[Records from a data source]
= = =
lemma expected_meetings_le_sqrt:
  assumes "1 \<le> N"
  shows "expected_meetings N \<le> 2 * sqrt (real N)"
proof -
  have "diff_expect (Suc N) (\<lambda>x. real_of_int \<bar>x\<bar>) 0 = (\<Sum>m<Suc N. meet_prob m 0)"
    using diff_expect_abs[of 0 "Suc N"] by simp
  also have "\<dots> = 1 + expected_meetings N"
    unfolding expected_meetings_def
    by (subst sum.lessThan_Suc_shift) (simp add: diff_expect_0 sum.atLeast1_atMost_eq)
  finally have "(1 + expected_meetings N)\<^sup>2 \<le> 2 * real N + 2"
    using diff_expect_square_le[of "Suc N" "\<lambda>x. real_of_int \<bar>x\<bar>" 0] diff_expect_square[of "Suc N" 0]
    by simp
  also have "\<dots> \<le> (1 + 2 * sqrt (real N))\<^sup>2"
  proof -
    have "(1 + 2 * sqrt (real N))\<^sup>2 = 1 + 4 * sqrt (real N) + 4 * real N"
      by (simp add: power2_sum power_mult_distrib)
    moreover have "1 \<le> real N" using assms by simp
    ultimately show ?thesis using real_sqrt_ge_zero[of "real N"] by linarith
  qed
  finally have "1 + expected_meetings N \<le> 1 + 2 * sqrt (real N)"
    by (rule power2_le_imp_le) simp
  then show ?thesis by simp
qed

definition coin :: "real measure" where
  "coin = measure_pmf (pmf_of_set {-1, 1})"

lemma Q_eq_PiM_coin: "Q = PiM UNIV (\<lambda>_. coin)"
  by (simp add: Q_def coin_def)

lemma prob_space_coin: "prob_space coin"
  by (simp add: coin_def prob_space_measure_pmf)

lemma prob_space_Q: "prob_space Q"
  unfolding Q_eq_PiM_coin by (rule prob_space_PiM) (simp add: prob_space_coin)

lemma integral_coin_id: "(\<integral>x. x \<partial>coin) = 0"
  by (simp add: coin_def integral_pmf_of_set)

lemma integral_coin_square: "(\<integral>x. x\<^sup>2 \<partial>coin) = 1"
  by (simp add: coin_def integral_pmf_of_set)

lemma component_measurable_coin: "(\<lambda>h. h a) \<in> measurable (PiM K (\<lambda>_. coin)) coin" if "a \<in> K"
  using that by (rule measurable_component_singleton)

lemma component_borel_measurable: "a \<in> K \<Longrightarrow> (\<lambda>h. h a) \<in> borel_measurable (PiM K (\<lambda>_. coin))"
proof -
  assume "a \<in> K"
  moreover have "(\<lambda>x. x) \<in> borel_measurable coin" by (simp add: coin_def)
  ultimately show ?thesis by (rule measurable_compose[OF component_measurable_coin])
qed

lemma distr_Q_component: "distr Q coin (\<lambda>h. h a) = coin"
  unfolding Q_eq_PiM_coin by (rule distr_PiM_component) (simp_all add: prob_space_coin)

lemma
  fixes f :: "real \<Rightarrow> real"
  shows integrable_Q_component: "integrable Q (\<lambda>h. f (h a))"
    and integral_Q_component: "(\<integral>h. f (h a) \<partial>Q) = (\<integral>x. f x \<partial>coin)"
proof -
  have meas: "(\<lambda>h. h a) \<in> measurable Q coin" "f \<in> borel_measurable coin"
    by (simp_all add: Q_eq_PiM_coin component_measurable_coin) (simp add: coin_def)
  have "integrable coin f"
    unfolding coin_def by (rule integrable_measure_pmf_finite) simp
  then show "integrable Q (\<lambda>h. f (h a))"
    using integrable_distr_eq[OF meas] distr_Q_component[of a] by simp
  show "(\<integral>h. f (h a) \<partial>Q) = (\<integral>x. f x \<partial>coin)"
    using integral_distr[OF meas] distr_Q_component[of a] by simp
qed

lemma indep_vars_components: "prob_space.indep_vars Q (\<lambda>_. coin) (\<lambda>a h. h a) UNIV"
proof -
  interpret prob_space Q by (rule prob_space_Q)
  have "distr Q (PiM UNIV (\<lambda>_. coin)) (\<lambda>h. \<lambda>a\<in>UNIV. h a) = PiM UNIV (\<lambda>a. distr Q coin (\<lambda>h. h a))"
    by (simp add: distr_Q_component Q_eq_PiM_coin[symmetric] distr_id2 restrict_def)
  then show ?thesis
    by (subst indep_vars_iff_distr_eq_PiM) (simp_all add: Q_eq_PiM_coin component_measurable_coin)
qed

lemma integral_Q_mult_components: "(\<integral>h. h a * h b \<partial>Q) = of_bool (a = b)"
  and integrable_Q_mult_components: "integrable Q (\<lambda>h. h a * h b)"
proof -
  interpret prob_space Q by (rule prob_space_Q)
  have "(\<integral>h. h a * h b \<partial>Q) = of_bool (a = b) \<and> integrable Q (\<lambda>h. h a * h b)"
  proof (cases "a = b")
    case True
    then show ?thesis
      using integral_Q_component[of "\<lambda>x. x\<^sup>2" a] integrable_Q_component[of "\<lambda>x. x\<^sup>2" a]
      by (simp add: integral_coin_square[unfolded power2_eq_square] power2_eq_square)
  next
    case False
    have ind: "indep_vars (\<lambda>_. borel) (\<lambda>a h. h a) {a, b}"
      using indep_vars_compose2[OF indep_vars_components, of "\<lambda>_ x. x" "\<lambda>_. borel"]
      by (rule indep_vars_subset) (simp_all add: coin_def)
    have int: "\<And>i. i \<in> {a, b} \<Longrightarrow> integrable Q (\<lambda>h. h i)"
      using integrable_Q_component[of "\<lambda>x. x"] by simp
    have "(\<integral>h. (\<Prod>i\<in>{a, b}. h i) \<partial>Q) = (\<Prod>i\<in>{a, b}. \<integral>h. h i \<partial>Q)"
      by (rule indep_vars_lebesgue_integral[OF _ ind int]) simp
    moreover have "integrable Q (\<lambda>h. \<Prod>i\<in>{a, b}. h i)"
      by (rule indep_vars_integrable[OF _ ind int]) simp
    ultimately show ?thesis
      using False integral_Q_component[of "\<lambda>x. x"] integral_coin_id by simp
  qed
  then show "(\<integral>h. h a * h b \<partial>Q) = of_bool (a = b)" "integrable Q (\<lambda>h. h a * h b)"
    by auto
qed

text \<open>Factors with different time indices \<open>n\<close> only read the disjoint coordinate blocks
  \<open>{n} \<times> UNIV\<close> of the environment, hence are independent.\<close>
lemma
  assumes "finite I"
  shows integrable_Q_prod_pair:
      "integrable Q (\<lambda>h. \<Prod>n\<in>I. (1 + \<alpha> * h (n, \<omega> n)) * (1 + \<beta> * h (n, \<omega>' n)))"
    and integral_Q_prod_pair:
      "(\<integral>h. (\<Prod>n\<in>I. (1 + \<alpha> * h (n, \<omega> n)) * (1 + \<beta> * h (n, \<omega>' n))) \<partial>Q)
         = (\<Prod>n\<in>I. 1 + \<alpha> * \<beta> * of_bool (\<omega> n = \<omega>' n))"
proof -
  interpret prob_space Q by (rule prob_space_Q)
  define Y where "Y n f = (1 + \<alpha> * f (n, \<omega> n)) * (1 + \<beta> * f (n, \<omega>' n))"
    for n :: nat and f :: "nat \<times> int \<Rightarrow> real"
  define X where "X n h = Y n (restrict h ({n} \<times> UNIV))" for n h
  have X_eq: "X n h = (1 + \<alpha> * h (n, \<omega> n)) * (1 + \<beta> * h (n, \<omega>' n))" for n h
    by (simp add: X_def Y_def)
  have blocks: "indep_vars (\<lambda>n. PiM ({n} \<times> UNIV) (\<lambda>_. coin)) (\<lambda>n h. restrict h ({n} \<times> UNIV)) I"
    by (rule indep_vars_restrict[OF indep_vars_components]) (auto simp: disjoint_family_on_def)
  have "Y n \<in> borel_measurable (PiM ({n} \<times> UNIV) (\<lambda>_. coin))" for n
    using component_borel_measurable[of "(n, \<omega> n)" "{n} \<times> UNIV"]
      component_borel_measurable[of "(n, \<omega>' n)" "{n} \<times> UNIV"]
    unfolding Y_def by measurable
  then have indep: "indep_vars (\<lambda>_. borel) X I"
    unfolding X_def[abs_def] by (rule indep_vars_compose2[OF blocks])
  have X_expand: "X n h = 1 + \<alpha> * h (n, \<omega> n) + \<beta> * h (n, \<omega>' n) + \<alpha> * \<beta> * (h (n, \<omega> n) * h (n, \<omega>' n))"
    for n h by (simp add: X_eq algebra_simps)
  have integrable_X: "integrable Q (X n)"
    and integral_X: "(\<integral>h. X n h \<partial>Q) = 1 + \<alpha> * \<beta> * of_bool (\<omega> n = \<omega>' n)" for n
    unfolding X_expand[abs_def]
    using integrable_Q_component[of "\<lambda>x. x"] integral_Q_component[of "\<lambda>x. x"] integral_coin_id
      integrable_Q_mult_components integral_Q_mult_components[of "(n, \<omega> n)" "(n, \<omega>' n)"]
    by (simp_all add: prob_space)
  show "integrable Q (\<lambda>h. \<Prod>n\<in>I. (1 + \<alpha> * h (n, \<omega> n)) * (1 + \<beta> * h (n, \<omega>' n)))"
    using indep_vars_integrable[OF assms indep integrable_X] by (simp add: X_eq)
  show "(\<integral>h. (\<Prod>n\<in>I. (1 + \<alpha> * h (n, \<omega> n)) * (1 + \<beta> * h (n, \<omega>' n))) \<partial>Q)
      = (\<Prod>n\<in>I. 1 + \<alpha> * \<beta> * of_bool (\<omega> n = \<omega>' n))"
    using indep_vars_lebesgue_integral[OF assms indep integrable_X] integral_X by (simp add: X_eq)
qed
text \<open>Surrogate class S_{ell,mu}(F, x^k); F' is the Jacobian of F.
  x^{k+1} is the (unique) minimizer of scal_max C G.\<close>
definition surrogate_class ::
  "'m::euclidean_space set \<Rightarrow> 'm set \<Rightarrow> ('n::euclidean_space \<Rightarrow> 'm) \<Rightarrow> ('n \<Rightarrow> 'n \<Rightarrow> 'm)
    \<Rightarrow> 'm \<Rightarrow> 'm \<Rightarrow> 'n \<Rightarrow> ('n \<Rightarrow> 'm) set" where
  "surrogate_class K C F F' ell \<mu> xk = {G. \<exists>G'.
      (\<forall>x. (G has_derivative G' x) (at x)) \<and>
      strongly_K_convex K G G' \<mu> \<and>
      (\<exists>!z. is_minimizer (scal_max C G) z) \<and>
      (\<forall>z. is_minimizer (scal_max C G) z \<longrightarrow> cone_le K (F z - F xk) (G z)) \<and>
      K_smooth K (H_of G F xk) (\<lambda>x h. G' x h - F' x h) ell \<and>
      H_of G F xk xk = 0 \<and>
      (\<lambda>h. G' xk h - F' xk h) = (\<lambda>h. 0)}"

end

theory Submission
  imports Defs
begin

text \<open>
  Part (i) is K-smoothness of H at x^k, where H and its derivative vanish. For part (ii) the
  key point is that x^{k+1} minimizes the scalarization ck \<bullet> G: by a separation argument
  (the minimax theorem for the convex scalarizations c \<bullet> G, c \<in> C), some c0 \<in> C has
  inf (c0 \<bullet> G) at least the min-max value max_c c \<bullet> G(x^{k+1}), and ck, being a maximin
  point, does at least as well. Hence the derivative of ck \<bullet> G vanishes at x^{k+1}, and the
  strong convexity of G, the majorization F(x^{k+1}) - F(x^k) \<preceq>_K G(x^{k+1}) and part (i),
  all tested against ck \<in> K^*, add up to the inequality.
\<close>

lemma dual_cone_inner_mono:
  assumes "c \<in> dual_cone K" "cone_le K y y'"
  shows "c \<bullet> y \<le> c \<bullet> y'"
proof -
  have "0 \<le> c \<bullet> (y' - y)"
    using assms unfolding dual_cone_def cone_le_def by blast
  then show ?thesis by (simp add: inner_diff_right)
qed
= = =
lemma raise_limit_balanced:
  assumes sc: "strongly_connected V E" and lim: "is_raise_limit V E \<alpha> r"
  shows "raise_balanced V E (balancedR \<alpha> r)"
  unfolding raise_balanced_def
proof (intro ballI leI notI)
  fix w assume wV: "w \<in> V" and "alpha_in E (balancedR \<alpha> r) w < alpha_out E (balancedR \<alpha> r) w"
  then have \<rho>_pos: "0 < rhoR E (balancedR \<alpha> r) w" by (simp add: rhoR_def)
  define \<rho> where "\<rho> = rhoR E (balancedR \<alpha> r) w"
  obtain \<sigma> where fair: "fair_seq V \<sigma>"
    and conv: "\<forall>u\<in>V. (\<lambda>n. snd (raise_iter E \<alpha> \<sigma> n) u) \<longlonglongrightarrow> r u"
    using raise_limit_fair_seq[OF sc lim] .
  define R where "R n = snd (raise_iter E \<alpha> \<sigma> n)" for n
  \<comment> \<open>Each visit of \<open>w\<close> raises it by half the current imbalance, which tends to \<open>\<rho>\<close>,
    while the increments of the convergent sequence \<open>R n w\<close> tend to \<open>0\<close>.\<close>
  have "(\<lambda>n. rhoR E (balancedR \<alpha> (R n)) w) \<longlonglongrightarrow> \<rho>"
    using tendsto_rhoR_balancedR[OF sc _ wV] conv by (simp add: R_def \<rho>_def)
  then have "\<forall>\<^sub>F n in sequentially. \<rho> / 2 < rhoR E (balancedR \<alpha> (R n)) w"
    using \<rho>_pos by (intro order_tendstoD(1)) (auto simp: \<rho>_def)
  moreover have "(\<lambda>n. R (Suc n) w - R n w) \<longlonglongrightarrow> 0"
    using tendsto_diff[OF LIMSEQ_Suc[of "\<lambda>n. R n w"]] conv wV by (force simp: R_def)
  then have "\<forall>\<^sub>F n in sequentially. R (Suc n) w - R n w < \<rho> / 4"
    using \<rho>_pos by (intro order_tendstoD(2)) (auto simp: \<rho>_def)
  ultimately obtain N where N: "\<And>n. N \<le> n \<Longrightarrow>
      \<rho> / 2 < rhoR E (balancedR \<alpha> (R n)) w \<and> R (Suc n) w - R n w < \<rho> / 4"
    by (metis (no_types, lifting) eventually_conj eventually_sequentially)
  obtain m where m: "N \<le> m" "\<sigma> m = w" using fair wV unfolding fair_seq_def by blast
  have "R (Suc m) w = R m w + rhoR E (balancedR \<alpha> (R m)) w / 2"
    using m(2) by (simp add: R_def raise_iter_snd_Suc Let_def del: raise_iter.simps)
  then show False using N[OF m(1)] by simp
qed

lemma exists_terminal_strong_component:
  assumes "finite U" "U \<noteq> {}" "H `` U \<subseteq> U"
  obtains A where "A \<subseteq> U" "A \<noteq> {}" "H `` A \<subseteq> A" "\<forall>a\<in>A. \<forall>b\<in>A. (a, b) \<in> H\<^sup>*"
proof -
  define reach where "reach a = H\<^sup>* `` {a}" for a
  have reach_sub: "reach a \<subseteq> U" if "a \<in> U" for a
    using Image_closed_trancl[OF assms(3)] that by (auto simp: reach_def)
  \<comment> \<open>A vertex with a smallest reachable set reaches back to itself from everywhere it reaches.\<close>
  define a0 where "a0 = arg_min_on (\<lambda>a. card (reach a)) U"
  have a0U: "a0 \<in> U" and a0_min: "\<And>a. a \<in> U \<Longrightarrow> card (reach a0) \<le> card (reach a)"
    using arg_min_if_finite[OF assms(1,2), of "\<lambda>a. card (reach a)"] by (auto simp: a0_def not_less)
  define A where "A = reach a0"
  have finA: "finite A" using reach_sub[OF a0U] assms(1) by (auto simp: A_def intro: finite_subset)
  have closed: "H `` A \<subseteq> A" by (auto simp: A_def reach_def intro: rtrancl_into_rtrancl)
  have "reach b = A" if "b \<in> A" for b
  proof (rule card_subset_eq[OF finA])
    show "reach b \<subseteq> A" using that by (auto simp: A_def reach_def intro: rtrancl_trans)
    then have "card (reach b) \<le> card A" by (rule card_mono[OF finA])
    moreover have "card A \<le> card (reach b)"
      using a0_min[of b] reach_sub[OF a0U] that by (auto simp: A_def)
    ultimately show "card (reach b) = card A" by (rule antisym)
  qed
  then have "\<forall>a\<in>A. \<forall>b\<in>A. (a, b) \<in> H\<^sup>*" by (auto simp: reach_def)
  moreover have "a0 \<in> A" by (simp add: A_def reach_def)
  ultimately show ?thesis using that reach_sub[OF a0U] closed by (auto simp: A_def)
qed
= = =
*Exercise requirements*
Set down, from the entries above, exactly the lines from the one with "define Y where" up to and including the one with "for n h by (simp add: X_eq algebra_simps)", and no other lines.

*Solution*
  define Y where "Y n f = (1 + \<alpha> * f (n, \<omega> n)) * (1 + \<beta> * f (n, \<omega>' n))"
    for n :: nat and f :: "nat \<times> int \<Rightarrow> real"
  define X where "X n h = Y n (restrict h ({n} \<times> UNIV))" for n h
  have X_eq: "X n h = (1 + \<alpha> * h (n, \<omega> n)) * (1 + \<beta> * h (n, \<omega>' n))" for n h
    by (simp add: X_def Y_def)
  have blocks: "indep_vars (\<lambda>n. PiM ({n} \<times> UNIV) (\<lambda>_. coin)) (\<lambda>n h. restrict h ({n} \<times> UNIV)) I"
    by (rule indep_vars_restrict[OF indep_vars_components]) (auto simp: disjoint_family_on_def)
  have "Y n \<in> borel_measurable (PiM ({n} \<times> UNIV) (\<lambda>_. coin))" for n
    using component_borel_measurable[of "(n, \<omega> n)" "{n} \<times> UNIV"]
      component_borel_measurable[of "(n, \<omega>' n)" "{n} \<times> UNIV"]
    unfolding Y_def by measurable
  then have indep: "indep_vars (\<lambda>_. borel) X I"
    unfolding X_def[abs_def] by (rule indep_vars_compose2[OF blocks])
  have X_expand: "X n h = 1 + \<alpha> * h (n, \<omega> n) + \<beta> * h (n, \<omega>' n) + \<alpha> * \<beta> * (h (n, \<omega> n) * h (n, \<omega>' n))"
    for n h by (simp add: X_eq algebra_simps)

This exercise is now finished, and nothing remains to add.